Alzheimer’s world is suspicion, anger, feeling lost as well as a loss of control. It is confusion, dependency, a vast expanse of bewilderment. It is a loss of time, place, space, skills.  It is disorienting as your entire world becomes narrower and your trust is placed in that one who is always there that you ‘shadow’, that you trust.

The caregiver cannot stand outside in the real world and look in awe or dismay at Alzheimer’s world.  You must enter it, you must live in it.  Empathy is your power, patience is your tool. The brain is still a mystery. We know in part only. As a caregiver no matter how bizarre that alternate world seems you must suspend your disbelief and go with your loved one into that world.  You ask yourself: “What is it like to be so confused you have to give up your autonomy to someone else?” Then and only then can you serve with understanding and love.

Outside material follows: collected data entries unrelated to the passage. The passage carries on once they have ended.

(* Consider the setting in which a division may give each player an arbitrary piece that is a finite union of intervals (pieces need not be connected). In this setting, for every instance (any number $n$ of players with any nonatomic valuations) and every $\alpha>1$, the instance does not exhibit an $\alpha$-dumping paradox with respect to the utilitarian welfare, nor with respect to the egalitarian welfare. Moreover, there is no envy-free partial division that Pareto dominates every envy-free complete division.
   Context: A cake is the interval $[0,1]$. There are $n$ players $1,\dots,n$; each player $i$ has a valuation $v_i$, a nonatomic countably additive probability measure on the Borel subsets of $[0,1]$ (so $v_i([0,1])=1$). In this statement a division $x$ is a sequence $(X_1,\dots,X_n)$ of pairwise disjoint sets, each a finite union of intervals of $[0,1]$, with $X_i$ the piece of player $i$; it is complete if $X_1\cup\dots\cup X_n$ covers $[0,1]$ up to finitely many points, and partial otherwise. Write $u_i(x,j)=v_i(X_j)$. The division $x$ is envy-free if $u_i(x,i)\ge u_i(x,j)$ for all $i,j$. The utilitarian welfare is $u(x)=\sum_{i=1}^n u_i(x,i)$ and the egalitarian welfare is $eg(x)=\min_i u_i(x,i)$. For a welfare function $w$ and $\alpha>1$, an instance exhibits an $\alpha$-dumping paradox with respect to $w$ if there is an envy-free partial division $y$ such that $w(y)\ge\alpha\, w(x)$ for every envy-free complete division $x$. A division $y$ Pareto dominates $x$ if $u_i(y,i)\ge u_i(x,i)$ for all $i$ with at least one strict inequality. *)

theory Defs
  imports "HOL-Probability.Probability"
begin

text \<open>Players are 1..n; a valuation of player i is v i, a probability measure on the
Borel sets of the cake [0,1].\<close>

definition nonatomic :: "'a measure \<Rightarrow> bool" where
  "nonatomic M \<longleftrightarrow> (\<forall>A\<in>sets M. measure M A > 0 \<longrightarrow>
      (\<exists>B\<in>sets M. B \<subseteq> A \<and> 0 < measure M B \<and> measure M B < measure M A))"

definition valuation :: "real measure \<Rightarrow> bool" where
  "valuation M \<longleftrightarrow> prob_space M \<and> space M = {0..1}
     \<and> sets M = sets (restrict_space borel {0..1}) \<and> nonatomic M"

definition finite_union_intervals :: "real set \<Rightarrow> bool" where
  "finite_union_intervals X \<longleftrightarrow> X \<subseteq> {0..1} \<and>
     (\<exists>F. finite F \<and> (\<forall>I\<in>F. is_interval I) \<and> X = \<Union>F)"

definition division :: "nat \<Rightarrow> (nat \<Rightarrow> real set) \<Rightarrow> bool" where
  "division n X \<longleftrightarrow> (\<forall>i\<in>{1..n}. finite_union_intervals (X i)) \<and>
     (\<forall>i\<in>{1..n}. \<forall>j\<in>{1..n}. i \<noteq> j \<longrightarrow> X i \<inter> X j = {})"

definition complete_div :: "nat \<Rightarrow> (nat \<Rightarrow> real set) \<Rightarrow> bool" where
  "complete_div n X \<longleftrightarrow> division n X \<and> finite ({0..1} - (\<Union>i\<in>{1..n}. X i))"

definition partial_div :: "nat \<Rightarrow> (nat \<Rightarrow> real set) \<Rightarrow> bool" where
  "partial_div n X \<longleftrightarrow> division n X \<and> \<not> finite ({0..1} - (\<Union>i\<in>{1..n}. X i))"

definition util :: "(nat \<Rightarrow> real measure) \<Rightarrow> (nat \<Rightarrow> real set) \<Rightarrow> nat \<Rightarrow> nat \<Rightarrow> real" where
  "util v X i j = measure (v i) (X j)"

definition envy_free :: "nat \<Rightarrow> (nat \<Rightarrow> real measure) \<Rightarrow> (nat \<Rightarrow> real set) \<Rightarrow> bool" where
  "envy_free n v X \<longleftrightarrow> (\<forall>i\<in>{1..n}. \<forall>j\<in>{1..n}. util v X i i \<ge> util v X i j)"

definition utilitarian :: "nat \<Rightarrow> (nat \<Rightarrow> real measure) \<Rightarrow> (nat \<Rightarrow> real set) \<Rightarrow> real" where
  "utilitarian n v X = (\<Sum>i\<in>{1..n}. util v X i i)"

definition egalitarian :: "nat \<Rightarrow> (nat \<Rightarrow> real measure) \<Rightarrow> (nat \<Rightarrow> real set) \<Rightarrow> real" where
  "egalitarian n v X = Min ((\<lambda>i. util v X i i) ` {1..n})"

definition dumping_paradox ::
  "nat \<Rightarrow> (nat \<Rightarrow> real measure) \<Rightarrow> (nat \<Rightarrow> (nat \<Rightarrow> real measure) \<Rightarrow> (nat \<Rightarrow> real set) \<Rightarrow> real)
     \<Rightarrow> real \<Rightarrow> bool" where
  "dumping_paradox n v w \<alpha> \<longleftrightarrow> (\<exists>Y. partial_div n Y \<and> envy_free n v Y \<and>
     (\<forall>X. complete_div n X \<and> envy_free n v X \<longrightarrow> w n v Y \<ge> \<alpha> * w n v X))"

definition pareto_dominates :: "nat \<Rightarrow> (nat \<Rightarrow> real measure) \<Rightarrow> (nat \<Rightarrow> real set) \<Rightarrow> (nat \<Rightarrow> real set) \<Rightarrow> bool" where
  "pareto_dominates n v Y X \<longleftrightarrow> (\<forall>i\<in>{1..n}. util v Y i i \<ge> util v X i i) \<and>
     (\<exists>i\<in>{1..n}. util v Y i i > util v X i i)"

end

theory Submission
  imports Defs
begin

I look at my Bert and when he cannot find the words or gets lost between the kitchen and the laundry I wonder what is happening in his brain.  Does he feel as if he is trying to swim in tar? Does he feel he is in a vacuum?  No wonder dementia patients get angry and lash out at the ones nearest and dearest, the ones they trust implicitly.  We are there, easy targets and maybe this is the way they have a bit of control.  They are engaged in a battle of heroic proportions to stay ahead of an incomprehensible  disease. They wage a daily battle just to BE.

The Meander:  No one can have a desire to live completely in Alzheimer’s world.  It is too awful to contemplate. Yet, as bizarre as this sounds, there are times when you look at what is happening in the ‘real’ world and it is a relief to step into Alzheimer’s world and just focus on your loved one.